先にお酒とツマミとオレンジジュースが来る。ダナさんに促されたのでチーズを食べてオレンジジュースを飲みながら肉串を待った。
チーズは燻製されているようでほのかに香ばしく美味しかった。
しばらく待っていると奥の方からいい香りが漂ってくる。ジュージューと音を立てながら肉串が運ばれてきた。
「ほらよ。肉串だ。」
女将さんが私の目の前に置いてくれる。眼前には思っていた何倍も大きなお肉が鉄の串に刺さっていた。ソースの甘辛い匂いが漂って来る。
「食べな。」
ダナさんがそう言ってくれたので恐る恐る鉄の串に触る。あまり熱くなかったのでそのまま手で持ってがぶりついた。
「〜〜!!」
噛んだ瞬間肉汁が口いっぱいに広がる。ソースが肉に良く染み込んでいて噛めば噛むほど美味しさが増した。肉も程よい硬さで食べごたえがある。
美味しい…!!
本当に久しぶりにそう思った。
私の食べっぷりにダナさんがしてやったりといった顔をしている。
「ダナさんは食べないんですか?」
私がそう聞くとダナさんは眉を下げて答えた。
「いいや、もうお腹いっぱいだ。」
こんなに美味しいのに勿体ないとぼそっと呟くと、俺が勧めたんだぞと苦笑される。
「お、そこのボウズ、いい食べっぷりだな。」
隣に座っていたハンターらしき人が声をかけてきた。
「良かったらこれも食べな。」
そう言って骨付き肉をくれる。
「ありがとうございます。」
素直に受け取ってそれも食べた。
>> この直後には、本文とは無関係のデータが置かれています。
lemma sum_lessThan_double: "(\<Sum>k<2*(n::nat). F k) = (\<Sum>j<n. F j) + (\<Sum>j<n. F (n + j))"
proof -
  have "(\<Sum>k<2*n. F k) = sum F ({..<n} \<union> {n..<n+n})"
    by (rule sum.cong) auto
  also have "\<dots> = (\<Sum>j<n. F j) + (\<Sum>k\<in>{n..<n+n}. F k)"
    by (rule sum.union_disjoint) auto
  also have "(\<Sum>k\<in>{n..<n+n}. F k) = (\<Sum>j<n. F (n + j))"
    using sum.shift_bounds_nat_ivl[of F 0 n n] by (simp add: lessThan_atLeast0 add.commute)
  finally show ?thesis .
qed

lemma rdot_plusv: "rdot (2*n) (plusv n u) (plusv n v) = Re (cinner n u v)"
  unfolding rdot_def cinner_def sum_lessThan_double plusv_def
  by (simp add: Re_sum sum.distrib[symmetric])

lemma rnorm_plusv: "rnorm (2*n) (plusv n v) = cnorm n v"
  unfolding rnorm_def cnorm_def sum_lessThan_double plusv_def
  by (simp add: sum.distrib[symmetric] cmod_power2)

lemma cinner_scale_left: "cinner n (\<lambda>j. z * u j) v = z * cinner n u v"
  unfolding cinner_def by (simp add: sum_distrib_left mult_ac)

lemma cinner_scale_right: "cinner n u (\<lambda>j. z * v j) = cnj z * cinner n u v"
  unfolding cinner_def by (simp add: sum_distrib_left mult_ac)

lemma cinner_add_right: "cinner n u (\<lambda>j. v j + w j) = cinner n u v + cinner n u w"
  unfolding cinner_def by (simp add: algebra_simps sum.distrib)

lemma cinner_diff_left: "cinner n (\<lambda>j. u j - v j) w = cinner n u w - cinner n v w"
  unfolding cinner_def by (simp add: algebra_simps sum_subtractf)

lemma cinner_commute: "cinner n u v = cnj (cinner n v u)"
  unfolding cinner_def by (simp add: mult.commute)

lemma cinner_cong: "(\<And>j. j < n \<Longrightarrow> v j = w j) \<Longrightarrow> cinner n u v = cinner n u w"
  unfolding cinner_def by simp

lemma cnorm_nonneg: "cnorm n v \<ge> 0"
  unfolding cnorm_def by (simp add: sum_nonneg)

lemma cnorm_power2: "(cnorm n v)^2 = (\<Sum>j<n. (cmod (v j))\<^sup>2)"
  unfolding cnorm_def by (simp add: sum_nonneg)

lemma cnorm_scale: "cnorm n (\<lambda>j. z * v j) = cmod z * cnorm n v"
  unfolding cnorm_def
  by (simp add: norm_mult power_mult_distrib sum_distrib_left[symmetric] real_sqrt_mult)

lemma cinner_self: "cinner n v v = of_real ((cnorm n v)^2)"
  unfolding cnorm_power2 cinner_def of_real_sum by (simp add: complex_norm_square[symmetric])

lemma cnorm_pos: "\<exists>j<n. v j \<noteq> 0 \<Longrightarrow> cnorm n v > 0"
  unfolding cnorm_def by (auto intro!: sum_pos2)

lemma cnorm_eq_0_imp: "cnorm n v = 0 \<Longrightarrow> j < n \<Longrightarrow> v j = 0"
  using cnorm_power2[of n v] by (simp add: sum_nonneg_eq_0_iff)

lemma cnorm_diff_power2:
  "(cnorm n (\<lambda>j. u j - v j))^2 = (cnorm n u)^2 + (cnorm n v)^2 - 2 * Re (cinner n u v)"
proof -
  have "\<And>z w. (cmod (z - w))^2 = (cmod z)^2 + (cmod w)^2 - 2 * Re (z * cnj w)"
    by (simp only: cmod_power2) (simp add: power2_eq_square algebra_simps)
  then show ?thesis
    unfolding cnorm_power2 cinner_def Re_sum
    by (simp add: sum.distrib sum_subtractf sum_distrib_left)
qed

lemma Re_cinner_i_right: "Re (cinner n u (\<lambda>j. \<i> * v j)) = Im (cinner n u v)"
  unfolding cinner_scale_right by simp

lemma cinner_eq_Complex_rdot:
  "cinner n u v = Complex (rdot (2*n) (plusv n u) (plusv n v)) (rdot (2*n) (plusv n u) (plusv n (\<lambda>j. \<i> * v j)))"
  unfolding rdot_plusv Re_cinner_i_right by (simp add: complex_eq_iff)

lemma cmod_power4: "(cmod z)^4 = ((Re z)^2 + (Im z)^2)^2"
  unfolding cmod_power2[symmetric] by simp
パリッとした川に程よい塩味がきいている。
これも美味しい。
思わず笑顔になる。すると何故か他の人からも次々と食べ物を差し出された。
最初のうちは有難く受け取っていたがだんだんお腹いっぱいになってくる。うっぷうっぷしている私を見かねたダナさんが止めてくれて事なきを得た。
「うぅ…お腹いっぱい…。」
お腹を擦りながら言うとダナさんに笑われる。
「笑わないでくださいよ…。」
私がそう言うともっと笑みを深めた。呆れた私はそんなダナさんを放っておいて近くに居た女将さんに声をかける。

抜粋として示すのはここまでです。